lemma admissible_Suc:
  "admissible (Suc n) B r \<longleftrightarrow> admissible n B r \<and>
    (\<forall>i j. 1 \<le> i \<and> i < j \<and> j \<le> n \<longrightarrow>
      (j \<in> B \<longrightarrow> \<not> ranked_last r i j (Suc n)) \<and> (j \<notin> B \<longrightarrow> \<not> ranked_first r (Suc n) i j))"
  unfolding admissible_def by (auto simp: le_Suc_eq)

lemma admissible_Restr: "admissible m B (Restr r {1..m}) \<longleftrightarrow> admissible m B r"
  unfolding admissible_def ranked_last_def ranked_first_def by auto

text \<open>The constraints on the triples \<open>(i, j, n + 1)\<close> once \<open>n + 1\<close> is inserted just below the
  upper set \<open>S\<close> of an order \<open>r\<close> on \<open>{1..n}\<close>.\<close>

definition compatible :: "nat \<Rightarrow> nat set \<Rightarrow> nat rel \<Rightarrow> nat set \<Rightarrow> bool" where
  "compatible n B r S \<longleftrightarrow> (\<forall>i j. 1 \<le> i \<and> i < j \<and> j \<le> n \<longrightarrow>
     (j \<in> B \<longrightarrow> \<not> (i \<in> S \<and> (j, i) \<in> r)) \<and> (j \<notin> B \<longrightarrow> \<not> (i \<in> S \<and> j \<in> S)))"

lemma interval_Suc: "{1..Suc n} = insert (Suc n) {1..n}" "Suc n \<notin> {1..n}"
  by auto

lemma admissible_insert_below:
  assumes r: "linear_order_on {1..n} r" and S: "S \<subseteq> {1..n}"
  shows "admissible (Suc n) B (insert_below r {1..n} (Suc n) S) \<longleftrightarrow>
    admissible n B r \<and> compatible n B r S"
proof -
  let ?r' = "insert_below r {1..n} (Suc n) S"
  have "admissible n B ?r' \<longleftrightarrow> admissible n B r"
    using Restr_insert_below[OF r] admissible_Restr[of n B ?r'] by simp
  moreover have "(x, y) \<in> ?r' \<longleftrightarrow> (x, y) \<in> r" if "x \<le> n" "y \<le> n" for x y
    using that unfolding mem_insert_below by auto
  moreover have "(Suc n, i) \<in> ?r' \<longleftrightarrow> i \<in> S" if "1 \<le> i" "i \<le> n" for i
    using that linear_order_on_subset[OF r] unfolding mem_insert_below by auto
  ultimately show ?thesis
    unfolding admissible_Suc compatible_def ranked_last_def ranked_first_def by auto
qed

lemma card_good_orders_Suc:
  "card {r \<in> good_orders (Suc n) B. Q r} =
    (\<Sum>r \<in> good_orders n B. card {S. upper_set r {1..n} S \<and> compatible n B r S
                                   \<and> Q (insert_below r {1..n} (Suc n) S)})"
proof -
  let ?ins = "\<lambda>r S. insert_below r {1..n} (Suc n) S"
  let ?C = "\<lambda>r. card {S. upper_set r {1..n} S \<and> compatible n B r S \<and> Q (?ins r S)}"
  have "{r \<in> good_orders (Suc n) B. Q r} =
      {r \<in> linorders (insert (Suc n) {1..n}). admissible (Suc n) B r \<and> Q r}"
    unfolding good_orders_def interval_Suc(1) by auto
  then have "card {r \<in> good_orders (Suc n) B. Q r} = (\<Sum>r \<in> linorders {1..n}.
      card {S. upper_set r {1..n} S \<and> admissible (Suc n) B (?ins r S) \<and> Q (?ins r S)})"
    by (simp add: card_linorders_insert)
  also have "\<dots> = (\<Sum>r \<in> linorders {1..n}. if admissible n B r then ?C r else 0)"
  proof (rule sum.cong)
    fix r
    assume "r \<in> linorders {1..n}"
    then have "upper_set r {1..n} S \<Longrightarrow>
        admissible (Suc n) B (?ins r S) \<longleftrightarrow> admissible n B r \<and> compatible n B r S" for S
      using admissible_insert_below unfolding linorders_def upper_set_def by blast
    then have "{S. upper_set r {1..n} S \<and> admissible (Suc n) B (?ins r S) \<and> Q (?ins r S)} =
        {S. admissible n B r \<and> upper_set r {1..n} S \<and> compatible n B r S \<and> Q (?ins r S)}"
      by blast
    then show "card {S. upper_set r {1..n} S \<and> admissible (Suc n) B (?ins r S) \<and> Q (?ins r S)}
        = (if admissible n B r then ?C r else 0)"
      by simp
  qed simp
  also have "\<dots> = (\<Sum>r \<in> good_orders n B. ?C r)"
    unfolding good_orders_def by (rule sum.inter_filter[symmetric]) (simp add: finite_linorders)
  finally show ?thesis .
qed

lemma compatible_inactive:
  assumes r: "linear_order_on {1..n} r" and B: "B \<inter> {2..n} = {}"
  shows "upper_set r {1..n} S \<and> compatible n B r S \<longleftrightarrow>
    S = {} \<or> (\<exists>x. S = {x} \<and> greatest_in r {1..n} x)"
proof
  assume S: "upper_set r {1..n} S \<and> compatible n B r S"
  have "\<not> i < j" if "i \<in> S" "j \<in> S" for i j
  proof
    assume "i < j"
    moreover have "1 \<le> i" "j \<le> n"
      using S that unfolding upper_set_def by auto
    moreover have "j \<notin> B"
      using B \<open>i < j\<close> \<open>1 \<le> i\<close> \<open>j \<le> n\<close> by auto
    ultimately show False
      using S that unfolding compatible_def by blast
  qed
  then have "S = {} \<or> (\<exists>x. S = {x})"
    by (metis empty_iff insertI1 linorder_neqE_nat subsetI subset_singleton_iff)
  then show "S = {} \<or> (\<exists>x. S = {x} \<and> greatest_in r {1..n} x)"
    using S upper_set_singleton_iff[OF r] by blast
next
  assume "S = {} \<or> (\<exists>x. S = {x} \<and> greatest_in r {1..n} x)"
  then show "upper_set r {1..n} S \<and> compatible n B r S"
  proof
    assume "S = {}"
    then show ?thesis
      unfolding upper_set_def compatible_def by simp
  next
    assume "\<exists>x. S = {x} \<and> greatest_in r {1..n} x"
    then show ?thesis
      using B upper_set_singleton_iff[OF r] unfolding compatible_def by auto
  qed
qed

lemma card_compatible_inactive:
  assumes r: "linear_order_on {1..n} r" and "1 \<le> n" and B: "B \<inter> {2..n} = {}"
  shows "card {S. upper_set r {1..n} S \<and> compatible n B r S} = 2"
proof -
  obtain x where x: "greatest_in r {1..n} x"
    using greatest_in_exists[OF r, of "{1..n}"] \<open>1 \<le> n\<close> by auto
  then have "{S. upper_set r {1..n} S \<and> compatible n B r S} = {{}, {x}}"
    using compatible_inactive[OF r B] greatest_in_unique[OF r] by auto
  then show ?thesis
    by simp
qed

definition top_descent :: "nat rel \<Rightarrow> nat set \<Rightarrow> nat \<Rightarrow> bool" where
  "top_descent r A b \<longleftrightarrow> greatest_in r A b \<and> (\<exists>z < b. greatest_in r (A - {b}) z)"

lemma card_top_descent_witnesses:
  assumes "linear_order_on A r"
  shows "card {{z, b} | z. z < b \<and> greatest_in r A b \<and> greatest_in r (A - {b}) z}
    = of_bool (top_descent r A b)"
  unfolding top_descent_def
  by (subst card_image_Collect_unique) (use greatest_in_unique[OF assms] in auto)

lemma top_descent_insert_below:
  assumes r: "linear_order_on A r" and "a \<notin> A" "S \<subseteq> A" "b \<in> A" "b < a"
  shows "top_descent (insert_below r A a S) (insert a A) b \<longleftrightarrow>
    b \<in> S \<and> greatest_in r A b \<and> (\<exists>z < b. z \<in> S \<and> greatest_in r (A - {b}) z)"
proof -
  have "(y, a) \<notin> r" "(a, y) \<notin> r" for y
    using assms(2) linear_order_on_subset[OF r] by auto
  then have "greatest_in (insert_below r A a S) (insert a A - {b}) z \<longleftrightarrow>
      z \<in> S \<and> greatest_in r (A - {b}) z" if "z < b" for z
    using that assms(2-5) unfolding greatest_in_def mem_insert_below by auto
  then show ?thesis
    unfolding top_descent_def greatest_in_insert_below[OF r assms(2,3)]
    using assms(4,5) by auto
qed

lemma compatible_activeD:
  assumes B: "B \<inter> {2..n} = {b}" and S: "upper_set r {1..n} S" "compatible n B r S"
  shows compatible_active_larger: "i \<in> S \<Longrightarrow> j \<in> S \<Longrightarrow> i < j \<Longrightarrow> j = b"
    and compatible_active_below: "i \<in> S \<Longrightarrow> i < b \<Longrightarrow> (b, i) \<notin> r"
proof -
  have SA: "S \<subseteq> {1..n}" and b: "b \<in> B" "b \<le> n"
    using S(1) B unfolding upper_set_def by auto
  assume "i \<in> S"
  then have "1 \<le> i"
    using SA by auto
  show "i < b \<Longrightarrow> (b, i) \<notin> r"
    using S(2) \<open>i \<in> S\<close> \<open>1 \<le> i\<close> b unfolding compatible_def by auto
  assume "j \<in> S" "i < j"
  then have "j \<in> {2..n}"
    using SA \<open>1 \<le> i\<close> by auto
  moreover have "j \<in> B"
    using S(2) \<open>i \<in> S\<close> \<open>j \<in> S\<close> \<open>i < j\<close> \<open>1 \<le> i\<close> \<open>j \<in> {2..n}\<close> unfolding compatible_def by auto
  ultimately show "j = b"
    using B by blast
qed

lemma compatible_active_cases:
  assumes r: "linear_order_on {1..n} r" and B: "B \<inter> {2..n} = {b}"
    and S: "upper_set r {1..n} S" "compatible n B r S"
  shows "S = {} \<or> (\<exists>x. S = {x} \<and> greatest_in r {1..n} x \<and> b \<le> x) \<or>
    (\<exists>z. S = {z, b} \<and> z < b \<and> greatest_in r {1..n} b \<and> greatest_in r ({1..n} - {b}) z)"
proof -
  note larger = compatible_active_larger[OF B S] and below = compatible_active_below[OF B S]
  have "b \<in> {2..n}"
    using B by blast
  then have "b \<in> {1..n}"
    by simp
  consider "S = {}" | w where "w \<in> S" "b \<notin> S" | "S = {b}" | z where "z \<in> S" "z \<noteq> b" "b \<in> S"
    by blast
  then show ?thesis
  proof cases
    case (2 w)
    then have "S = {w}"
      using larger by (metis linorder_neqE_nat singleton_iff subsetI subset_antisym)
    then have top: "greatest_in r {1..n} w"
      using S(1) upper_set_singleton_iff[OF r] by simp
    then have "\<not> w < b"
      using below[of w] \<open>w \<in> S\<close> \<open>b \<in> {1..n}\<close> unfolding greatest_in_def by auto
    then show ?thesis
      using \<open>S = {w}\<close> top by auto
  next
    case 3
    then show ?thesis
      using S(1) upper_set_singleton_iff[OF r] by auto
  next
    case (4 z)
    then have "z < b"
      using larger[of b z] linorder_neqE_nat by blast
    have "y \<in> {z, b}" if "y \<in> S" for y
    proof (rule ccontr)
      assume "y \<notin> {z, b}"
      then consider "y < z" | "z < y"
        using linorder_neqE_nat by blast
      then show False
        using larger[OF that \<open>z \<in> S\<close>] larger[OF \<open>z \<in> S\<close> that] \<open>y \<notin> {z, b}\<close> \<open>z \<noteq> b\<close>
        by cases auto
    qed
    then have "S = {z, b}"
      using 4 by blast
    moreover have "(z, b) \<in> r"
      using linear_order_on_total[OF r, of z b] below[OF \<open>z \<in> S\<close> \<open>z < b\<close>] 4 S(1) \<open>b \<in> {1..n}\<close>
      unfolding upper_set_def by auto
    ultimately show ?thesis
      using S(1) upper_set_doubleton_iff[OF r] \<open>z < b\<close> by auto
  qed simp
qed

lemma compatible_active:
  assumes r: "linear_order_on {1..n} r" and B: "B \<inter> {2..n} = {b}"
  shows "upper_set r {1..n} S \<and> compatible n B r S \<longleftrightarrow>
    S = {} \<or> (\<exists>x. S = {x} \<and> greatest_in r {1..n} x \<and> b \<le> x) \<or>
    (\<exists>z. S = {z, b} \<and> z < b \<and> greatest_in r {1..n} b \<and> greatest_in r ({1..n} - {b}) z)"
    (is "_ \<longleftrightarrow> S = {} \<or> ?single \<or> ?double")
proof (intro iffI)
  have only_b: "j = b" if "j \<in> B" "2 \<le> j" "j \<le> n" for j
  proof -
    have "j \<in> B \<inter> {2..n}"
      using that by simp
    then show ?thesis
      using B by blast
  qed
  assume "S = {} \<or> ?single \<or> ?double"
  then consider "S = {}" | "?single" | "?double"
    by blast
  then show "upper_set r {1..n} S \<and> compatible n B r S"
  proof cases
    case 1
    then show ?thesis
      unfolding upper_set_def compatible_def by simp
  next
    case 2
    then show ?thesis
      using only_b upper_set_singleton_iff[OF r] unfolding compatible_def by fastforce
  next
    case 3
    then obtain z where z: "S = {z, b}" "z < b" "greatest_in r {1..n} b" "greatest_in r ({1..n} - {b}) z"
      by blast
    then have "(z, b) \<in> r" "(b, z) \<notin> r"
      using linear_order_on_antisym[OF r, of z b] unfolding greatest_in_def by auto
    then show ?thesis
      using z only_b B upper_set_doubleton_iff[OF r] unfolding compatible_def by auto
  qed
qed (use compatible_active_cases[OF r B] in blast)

--

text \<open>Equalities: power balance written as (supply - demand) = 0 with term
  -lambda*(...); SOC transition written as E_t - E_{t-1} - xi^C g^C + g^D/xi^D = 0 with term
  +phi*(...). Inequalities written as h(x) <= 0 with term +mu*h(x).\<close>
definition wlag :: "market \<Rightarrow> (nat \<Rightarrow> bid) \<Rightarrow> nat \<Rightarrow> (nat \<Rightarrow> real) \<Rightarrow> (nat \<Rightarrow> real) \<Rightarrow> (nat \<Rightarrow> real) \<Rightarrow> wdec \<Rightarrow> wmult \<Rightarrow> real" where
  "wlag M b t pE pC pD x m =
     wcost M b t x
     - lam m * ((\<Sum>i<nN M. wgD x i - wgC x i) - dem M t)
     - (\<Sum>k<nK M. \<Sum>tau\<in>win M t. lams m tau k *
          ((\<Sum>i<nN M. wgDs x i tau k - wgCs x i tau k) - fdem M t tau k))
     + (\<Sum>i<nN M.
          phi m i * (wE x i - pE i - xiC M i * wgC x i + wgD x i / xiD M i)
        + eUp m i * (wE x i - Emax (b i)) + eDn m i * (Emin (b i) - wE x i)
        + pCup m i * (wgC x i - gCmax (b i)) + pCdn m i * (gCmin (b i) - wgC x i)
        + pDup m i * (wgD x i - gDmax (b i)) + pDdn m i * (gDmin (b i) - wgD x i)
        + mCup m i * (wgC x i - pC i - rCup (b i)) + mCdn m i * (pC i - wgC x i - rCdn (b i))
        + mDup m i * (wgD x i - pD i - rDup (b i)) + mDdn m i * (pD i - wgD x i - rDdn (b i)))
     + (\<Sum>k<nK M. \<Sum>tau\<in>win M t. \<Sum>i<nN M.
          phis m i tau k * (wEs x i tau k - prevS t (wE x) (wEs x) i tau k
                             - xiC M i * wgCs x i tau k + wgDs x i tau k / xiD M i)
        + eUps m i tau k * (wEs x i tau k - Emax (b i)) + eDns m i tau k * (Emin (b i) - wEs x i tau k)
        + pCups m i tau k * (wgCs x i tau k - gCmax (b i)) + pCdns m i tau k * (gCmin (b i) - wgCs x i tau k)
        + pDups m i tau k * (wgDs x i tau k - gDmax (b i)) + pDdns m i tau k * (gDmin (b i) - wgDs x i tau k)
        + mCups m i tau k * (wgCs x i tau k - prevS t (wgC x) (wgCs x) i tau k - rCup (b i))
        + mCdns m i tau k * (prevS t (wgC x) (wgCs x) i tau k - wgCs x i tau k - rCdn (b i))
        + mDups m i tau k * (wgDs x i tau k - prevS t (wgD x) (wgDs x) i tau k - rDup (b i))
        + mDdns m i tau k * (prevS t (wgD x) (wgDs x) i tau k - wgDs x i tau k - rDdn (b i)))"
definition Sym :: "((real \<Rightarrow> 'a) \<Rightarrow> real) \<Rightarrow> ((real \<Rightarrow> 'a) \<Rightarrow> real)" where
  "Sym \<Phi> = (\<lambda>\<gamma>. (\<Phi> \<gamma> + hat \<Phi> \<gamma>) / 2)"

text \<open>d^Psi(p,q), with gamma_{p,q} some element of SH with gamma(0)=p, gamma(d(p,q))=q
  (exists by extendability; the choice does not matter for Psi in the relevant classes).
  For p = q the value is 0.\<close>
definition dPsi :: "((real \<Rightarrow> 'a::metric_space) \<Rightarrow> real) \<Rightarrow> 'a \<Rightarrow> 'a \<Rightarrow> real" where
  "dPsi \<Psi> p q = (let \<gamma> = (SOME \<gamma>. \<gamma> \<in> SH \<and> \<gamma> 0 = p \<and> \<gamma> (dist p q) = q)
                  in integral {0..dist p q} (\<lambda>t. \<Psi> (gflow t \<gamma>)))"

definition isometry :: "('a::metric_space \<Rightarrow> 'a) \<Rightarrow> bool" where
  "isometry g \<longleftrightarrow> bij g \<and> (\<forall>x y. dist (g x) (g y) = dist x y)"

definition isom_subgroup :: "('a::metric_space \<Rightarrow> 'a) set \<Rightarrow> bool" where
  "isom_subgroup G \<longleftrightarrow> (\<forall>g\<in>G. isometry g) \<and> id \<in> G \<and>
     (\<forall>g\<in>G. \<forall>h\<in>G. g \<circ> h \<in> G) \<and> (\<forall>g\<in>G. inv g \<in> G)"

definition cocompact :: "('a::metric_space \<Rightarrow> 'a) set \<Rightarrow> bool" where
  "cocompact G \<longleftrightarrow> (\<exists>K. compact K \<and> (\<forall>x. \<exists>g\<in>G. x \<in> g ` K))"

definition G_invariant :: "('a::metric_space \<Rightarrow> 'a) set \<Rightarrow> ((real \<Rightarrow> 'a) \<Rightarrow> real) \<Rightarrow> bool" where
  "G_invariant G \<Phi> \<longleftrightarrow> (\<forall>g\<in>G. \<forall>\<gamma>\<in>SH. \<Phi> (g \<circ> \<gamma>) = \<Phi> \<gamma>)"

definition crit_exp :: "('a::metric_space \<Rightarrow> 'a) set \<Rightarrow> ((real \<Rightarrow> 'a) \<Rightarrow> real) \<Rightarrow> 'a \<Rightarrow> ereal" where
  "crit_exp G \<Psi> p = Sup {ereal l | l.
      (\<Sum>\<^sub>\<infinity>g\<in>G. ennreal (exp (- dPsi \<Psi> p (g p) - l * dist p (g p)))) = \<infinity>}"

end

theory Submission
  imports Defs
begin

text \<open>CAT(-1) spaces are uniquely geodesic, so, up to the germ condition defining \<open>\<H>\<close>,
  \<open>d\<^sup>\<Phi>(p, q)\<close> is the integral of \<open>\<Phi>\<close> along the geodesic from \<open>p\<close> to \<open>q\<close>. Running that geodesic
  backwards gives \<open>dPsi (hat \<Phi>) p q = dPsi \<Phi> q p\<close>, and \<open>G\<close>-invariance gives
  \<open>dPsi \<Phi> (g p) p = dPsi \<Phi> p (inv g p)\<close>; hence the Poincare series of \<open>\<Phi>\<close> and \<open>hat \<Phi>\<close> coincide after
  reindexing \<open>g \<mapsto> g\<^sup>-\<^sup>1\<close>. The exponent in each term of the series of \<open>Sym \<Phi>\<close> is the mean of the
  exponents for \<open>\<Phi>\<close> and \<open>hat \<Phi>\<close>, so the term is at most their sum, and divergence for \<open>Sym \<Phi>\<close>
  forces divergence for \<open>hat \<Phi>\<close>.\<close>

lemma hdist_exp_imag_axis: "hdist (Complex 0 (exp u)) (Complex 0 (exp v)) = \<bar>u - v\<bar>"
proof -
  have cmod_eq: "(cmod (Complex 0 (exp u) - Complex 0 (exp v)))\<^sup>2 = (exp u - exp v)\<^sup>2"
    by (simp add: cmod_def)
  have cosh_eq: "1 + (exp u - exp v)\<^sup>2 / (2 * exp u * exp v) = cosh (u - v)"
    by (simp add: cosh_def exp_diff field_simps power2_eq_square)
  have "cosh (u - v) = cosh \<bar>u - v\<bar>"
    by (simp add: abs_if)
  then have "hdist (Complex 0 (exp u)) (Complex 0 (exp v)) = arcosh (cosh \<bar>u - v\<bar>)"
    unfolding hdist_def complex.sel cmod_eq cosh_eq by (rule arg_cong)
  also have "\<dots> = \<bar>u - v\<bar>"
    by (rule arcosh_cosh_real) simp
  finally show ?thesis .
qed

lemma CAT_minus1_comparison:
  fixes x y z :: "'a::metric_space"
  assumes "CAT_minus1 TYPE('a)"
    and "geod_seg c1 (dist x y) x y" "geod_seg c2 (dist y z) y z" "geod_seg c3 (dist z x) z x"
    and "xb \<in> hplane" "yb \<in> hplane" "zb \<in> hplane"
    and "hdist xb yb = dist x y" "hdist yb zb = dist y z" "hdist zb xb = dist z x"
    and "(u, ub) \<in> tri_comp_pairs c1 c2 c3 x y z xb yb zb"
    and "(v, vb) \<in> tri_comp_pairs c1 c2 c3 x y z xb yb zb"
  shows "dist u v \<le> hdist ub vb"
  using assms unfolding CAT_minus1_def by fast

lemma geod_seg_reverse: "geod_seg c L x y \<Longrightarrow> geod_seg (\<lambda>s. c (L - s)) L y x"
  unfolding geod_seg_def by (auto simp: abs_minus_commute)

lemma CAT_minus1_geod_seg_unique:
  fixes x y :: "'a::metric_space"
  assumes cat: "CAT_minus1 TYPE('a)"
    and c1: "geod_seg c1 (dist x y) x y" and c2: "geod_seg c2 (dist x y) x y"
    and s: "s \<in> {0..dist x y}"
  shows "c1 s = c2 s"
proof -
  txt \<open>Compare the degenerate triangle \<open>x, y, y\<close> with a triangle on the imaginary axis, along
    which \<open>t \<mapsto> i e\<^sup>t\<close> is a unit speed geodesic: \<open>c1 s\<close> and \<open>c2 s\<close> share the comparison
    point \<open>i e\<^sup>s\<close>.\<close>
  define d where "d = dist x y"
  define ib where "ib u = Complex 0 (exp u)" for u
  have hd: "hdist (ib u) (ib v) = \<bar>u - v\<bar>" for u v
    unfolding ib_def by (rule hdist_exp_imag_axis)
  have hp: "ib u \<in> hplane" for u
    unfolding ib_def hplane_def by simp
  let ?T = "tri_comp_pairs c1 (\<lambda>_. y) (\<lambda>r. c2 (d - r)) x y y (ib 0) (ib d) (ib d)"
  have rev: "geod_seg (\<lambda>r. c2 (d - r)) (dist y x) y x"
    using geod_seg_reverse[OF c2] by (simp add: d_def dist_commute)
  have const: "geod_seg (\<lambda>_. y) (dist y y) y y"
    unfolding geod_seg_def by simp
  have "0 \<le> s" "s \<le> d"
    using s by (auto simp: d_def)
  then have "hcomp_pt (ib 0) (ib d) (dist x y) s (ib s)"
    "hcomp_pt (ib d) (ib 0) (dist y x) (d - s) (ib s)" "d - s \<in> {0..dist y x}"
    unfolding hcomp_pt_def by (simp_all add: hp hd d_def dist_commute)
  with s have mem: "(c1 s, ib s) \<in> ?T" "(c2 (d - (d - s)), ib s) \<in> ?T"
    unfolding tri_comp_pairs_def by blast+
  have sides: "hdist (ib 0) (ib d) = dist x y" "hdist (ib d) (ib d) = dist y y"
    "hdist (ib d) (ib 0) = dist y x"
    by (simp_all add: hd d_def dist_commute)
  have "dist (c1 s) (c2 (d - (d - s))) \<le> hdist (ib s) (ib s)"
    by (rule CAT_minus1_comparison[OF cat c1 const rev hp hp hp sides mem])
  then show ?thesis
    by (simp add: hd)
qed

▶ What the task asks: Where a line of the records includes "TYPE", copy it.

▶ Result:
  assumes "CAT_minus1 TYPE('a)"
  assumes cat: "CAT_minus1 TYPE('a)"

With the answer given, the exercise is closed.